If your case involves a custody dispute, many courts will bifurcate the case. This means they will split your case into two trials, one to resolve custody and the other to resolve everything else. If that happens, you will have two sets of dates for mediation, discovery, and other pretrial matters. The court will issue a scheduling order with all the dates that were set at the scheduling hearing. The judge will not make any decisions in your case at the scheduling hearing except for the setting of dates.

image Note  Some courts do not have scheduling hearings but instead leave it up to the attorneys to call the clerk and schedule dates.

Pendente Lite Hearing

Pendente lite is Latin for “pending the litigation.” A pendente lite hearing is held to determine temporary issues. You may hear the judge and attorneys refer to it in shorthand as a “p.l. hearing” or ask if there are any p.l. issues. Temporary issues refer to those that need to be addressed between now and the trial. This can be a long time, especially if you are the one who is paying support and the trial is several months away. You may want to ask the court for temporary orders for child custody, access, child support, alimony, or attorney and expert-witness fees. At the trial, these issues are considered anew and a permanent order is entered by the trial judge.

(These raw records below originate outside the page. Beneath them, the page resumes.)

lemma card_replace_subfamily:
  assumes "finite \<F>" "\<H> \<subseteq> \<F>" "inj_on \<phi> \<H>" "\<phi> ` \<H> \<inter> \<F> = {}"
  shows "card ((\<F> - \<H>) \<union> \<phi> ` \<H>) = card \<F>"
proof -
  have "finite \<H>" using assms(1,2) by (rule finite_subset[rotated])
  then have "card ((\<F> - \<H>) \<union> \<phi> ` \<H>) = card (\<F> - \<H>) + card \<H>"
    using assms by (subst card_Un_disjoint) (auto simp: card_image)
  also have "\<dots> = card \<F>"
    using assms(1,2) \<open>finite \<H>\<close> by (simp add: card_Diff_subset card_mono)
  finally show ?thesis .
qed

lemma family_weight_replace_less:
  assumes "finite \<F>" "\<H> \<subseteq> \<F>" "inj_on \<phi> \<H>" "\<phi> ` \<H> \<inter> \<F> = {}" "\<H> \<noteq> {}"
    and lighter: "\<And>A. A \<in> \<H> \<Longrightarrow> set_weight (\<phi> A) < set_weight A"
  shows "family_weight ((\<F> - \<H>) \<union> \<phi> ` \<H>) < family_weight \<F>"
proof -
  have fin: "finite \<H>" using assms(1,2) by (rule finite_subset[rotated])
  have "family_weight ((\<F> - \<H>) \<union> \<phi> ` \<H>) = family_weight (\<F> - \<H>) + (\<Sum>A\<in>\<H>. set_weight (\<phi> A))"
    using assms(1-4) fin unfolding family_weight_def
    by (subst sum.union_disjoint) (auto simp: sum.reindex)
  also have "\<dots> < family_weight (\<F> - \<H>) + (\<Sum>A\<in>\<H>. set_weight A)"
    using sum_strict_mono[OF fin \<open>\<H> \<noteq> {}\<close> lighter] by simp
  also have "\<dots> = family_weight \<F>"
    using assms(1,2) unfolding family_weight_def by (simp add: sum.subset_diff)
  finally show ?thesis .
qed

lemma exchange_closed_pair_empty:
  fixes \<A> \<B> :: "(nat \<times> nat) set set"
  assumes "finite \<A>" "finite \<B>" "\<forall>A\<in>\<A> \<union> \<B>. finite A"
    and closed: "\<And>A B. A \<in> \<A> \<Longrightarrow> B \<in> \<B> \<Longrightarrow> \<exists>s a b.
      (s, a) \<in> A \<and> (s, a) \<notin> B \<and> (s, b) \<in> B \<and> (s, b) \<notin> A \<and>
      (b < a \<longrightarrow> shift_set s b a A \<in> \<A>) \<and> (a < b \<longrightarrow> shift_set s a b B \<in> \<B>)"
  shows "\<A> = {} \<or> \<B> = {}"
proof (rule ccontr)
  assume "\<not> (\<A> = {} \<or> \<B> = {})"
  then obtain A B where "is_arg_min set_weight (\<lambda>A. A \<in> \<A>) A" "is_arg_min set_weight (\<lambda>B. B \<in> \<B>) B"
    using ex_is_arg_min_if_finite assms(1,2) by metis
  then have A: "A \<in> \<A>" "\<forall>A'\<in>\<A>. set_weight A \<le> set_weight A'"
    and B: "B \<in> \<B>" "\<forall>B'\<in>\<B>. set_weight B \<le> set_weight B'"
    by (auto simp: is_arg_min_def not_less)
  obtain s a b where ab: "(s, a) \<in> A" "(s, a) \<notin> B" "(s, b) \<in> B" "(s, b) \<notin> A"
    and closed_A: "b < a \<longrightarrow> shift_set s b a A \<in> \<A>"
    and closed_B: "a < b \<longrightarrow> shift_set s a b B \<in> \<B>"
    using closed[OF A(1) B(1)] by blast
  have fin: "finite A" "finite B" using assms(3) A(1) B(1) by blast+
  have "a \<noteq> b" using ab by blast
  then consider "b < a" | "a < b" by linarith
  then show False
  proof cases
    case 1
    then have "set_weight A \<le> set_weight (shift_set s b a A)" using A(2) closed_A by blast
    moreover have "set_weight (shift_set s b a A) + a = set_weight A + b"
      by (rule set_weight_shift_set[OF fin(1) ab(1,4)])
    ultimately show False using 1 by linarith
  next
    case 2
    then have "set_weight B \<le> set_weight (shift_set s a b B)" using B(2) closed_B by blast
    moreover have "set_weight (shift_set s a b B) + b = set_weight B + a"
      by (rule set_weight_shift_set[OF fin(2) ab(3,2)])
    ultimately show False using 2 by linarith
  qed
qed

definition shift_movers :: "nat \<Rightarrow> nat \<Rightarrow> nat \<Rightarrow> (nat \<times> nat) set set \<Rightarrow> (nat \<times> nat) set set" where
  "shift_movers t i j \<F> = {A \<in> \<F>. shift_set t i j A \<notin> \<F>}"

lemma shift_movers_moved: "A \<in> shift_movers t i j \<F> \<Longrightarrow> shift_set t i j A \<noteq> A"
  by (auto simp: shift_movers_def)

lemma shift_family_eq_replace:
  assumes "i \<noteq> j"
  shows "shift_family t i j \<F> = (\<F> - shift_movers t i j \<F>) \<union> shift_set t i j ` shift_movers t i j \<F>"
  using shift_set_idem[OF assms] unfolding shift_family_def shift_movers_def by blast

lemma inj_on_shift_movers: "i \<noteq> j \<Longrightarrow> inj_on (shift_set t i j) (shift_movers t i j \<F>)"
proof (rule inj_onI)
  fix A B assume "i \<noteq> j" "A \<in> shift_movers t i j \<F>" "B \<in> shift_movers t i j \<F>"
    and eq: "shift_set t i j A = shift_set t i j B"
  then have "A = insert (t, j) (shift_set t i j A - {(t, i)})"
    "B = insert (t, j) (shift_set t i j B - {(t, i)})"
    using shift_set_moved[OF shift_movers_moved] by blast+
  then show "A = B" using eq by simp
qed

lemma shift_family_changed_iff: "i \<noteq> j \<Longrightarrow> shift_family t i j \<F> \<noteq> \<F> \<longleftrightarrow> shift_movers t i j \<F> \<noteq> {}"
  by (auto simp: shift_family_eq_replace shift_movers_def)

lemma ex_shift_mover:
  assumes "shift_family t i j \<F> \<noteq> \<F>" "i \<noteq> j"
  obtains B where "B \<in> \<F>" "(t, j) \<in> B" "(t, i) \<notin> B"
proof -
  obtain B where "B \<in> shift_movers t i j \<F>"
    using assms by (auto simp: shift_family_changed_iff)
  then have "B \<in> \<F>" "shift_set t i j B \<noteq> B"
    by (auto simp: shift_movers_def)
  then show thesis using that shift_set_moved(1,2) by metis
qed

lemma shift_family_fixed_closed: "shift_family t i j \<F> = \<F> \<Longrightarrow> A \<in> \<F> \<Longrightarrow> shift_set t i j A \<in> \<F>"
  unfolding shift_family_def by blast

lemma card_shift_family: "i \<noteq> j \<Longrightarrow> finite \<F> \<Longrightarrow> card (shift_family t i j \<F>) = card \<F>"
  unfolding shift_family_eq_replace
  by (rule card_replace_subfamily) (simp_all add: inj_on_shift_movers, auto simp: shift_movers_def)

lemma family_weight_shift_family_less:
  assumes "i < j" "finite \<F>" "\<forall>A\<in>\<F>. finite A" "shift_family t i j \<F> \<noteq> \<F>"
  shows "family_weight (shift_family t i j \<F>) < family_weight \<F>"
  unfolding shift_family_eq_replace[OF less_imp_neq[OF \<open>i < j\<close>]]
proof (rule family_weight_replace_less)
  fix A assume A: "A \<in> shift_movers t i j \<F>"
  then have "finite A" using assms(3) by (simp add: shift_movers_def)
  then have "set_weight (shift_set t i j A) + j = set_weight A + i"
    using set_weight_shift_set shift_set_moved[OF shift_movers_moved[OF A]] by blast
  then show "set_weight (shift_set t i j A) < set_weight A" using assms(1) by simp
qed (use assms in \<open>simp_all add: inj_on_shift_movers shift_family_changed_iff,
      auto simp: shift_movers_def\<close>)

lemma intersecting_shift_family:
  assumes "intersecting \<F>"
  shows "intersecting (shift_family t i j \<F>)"
proof -
  have meet: "A \<inter> B \<noteq> {}" if "A \<in> \<F>" "B \<in> \<F>" for A B
    using assms that by (simp add: intersecting_def)
  have image_meets: "shift_set t i j A \<inter> Y \<noteq> {}"
    if A: "A \<in> \<F>" and Y: "Y \<in> shift_family t i j \<F>" for A Y
    using Y unfolding shift_family_def
  proof (elim UnE imageE CollectE conjE)
    fix B assume "B \<in> \<F>" "Y = shift_set t i j B"
    then show ?thesis using shift_set_Int_shift_set[OF meet[OF A \<open>B \<in> \<F>\<close>]] by simp
  next
    assume "Y \<in> \<F>" "shift_set t i j Y \<in> \<F>"
    then show ?thesis using shift_set_Int meet A by simp
  qed
  have "X \<inter> Y \<noteq> {}" if X: "X \<in> shift_family t i j \<F>" and Y: "Y \<in> shift_family t i j \<F>" for X Y
  proof (cases "X \<in> \<F> \<and> Y \<in> \<F>")
    case True
    then show ?thesis using meet by blast
  next
    case False
    then consider A where "A \<in> \<F>" "X = shift_set t i j A" | B where "B \<in> \<F>" "Y = shift_set t i j B"
      using X Y unfolding shift_family_def by auto
    then show ?thesis
    proof cases
      case 1
      then show ?thesis using image_meets Y by blast
    next
      case 2
      then show ?thesis using image_meets X by blast
    qed
  qed
  then show ?thesis by (simp add: intersecting_def)
qed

The purpose of the p.l. hearing is to maintain the status quo so that both parties are able to continue with the litigation until trial. If the wife controls all the assets of the marriage, for example, the court might order her to pay for the husband’s attorney fees and expert-witness costs to level the playing field so that she doesn’t have an unfair financial advantage over the husband in the litigation process.

Discovery

If pleadings are the first phase of divorce litigation and the trial is the last phase, then discovery is the middle phase. Discovery means finding out information about the other party that you don’t know. The discovery rules of the court set forth the methods by which each party is able to find out about the other’s case. The reason for discovery is that it prevents surprises at trial and it encourages settlement. Discovery mainly takes place between the parties and the results are not filed with the court. You have a continuing duty to update the other party on the responses you give through discovery. In fact, the opposing counsel may send you a trial subpoena, which is an order to bring updated account statements and other documents to court on the day of the trial.

What May Be Discovered

The scope of discovery is very broad. You are entitled to discover any evidence relevant to your case and also anything that might lead to relevant evidence. In a divorce, this means anything related to the marriage, children, property, debt, income, or expenses.

Interrogatories

A party may serve the other party with written questions. An example is “Where are you employed and what is your salary?” The other party has a certain number of days to respond with the answers in writing, sworn and signed under penalties of perjury. The answers may be used in trial in the same way as testimony.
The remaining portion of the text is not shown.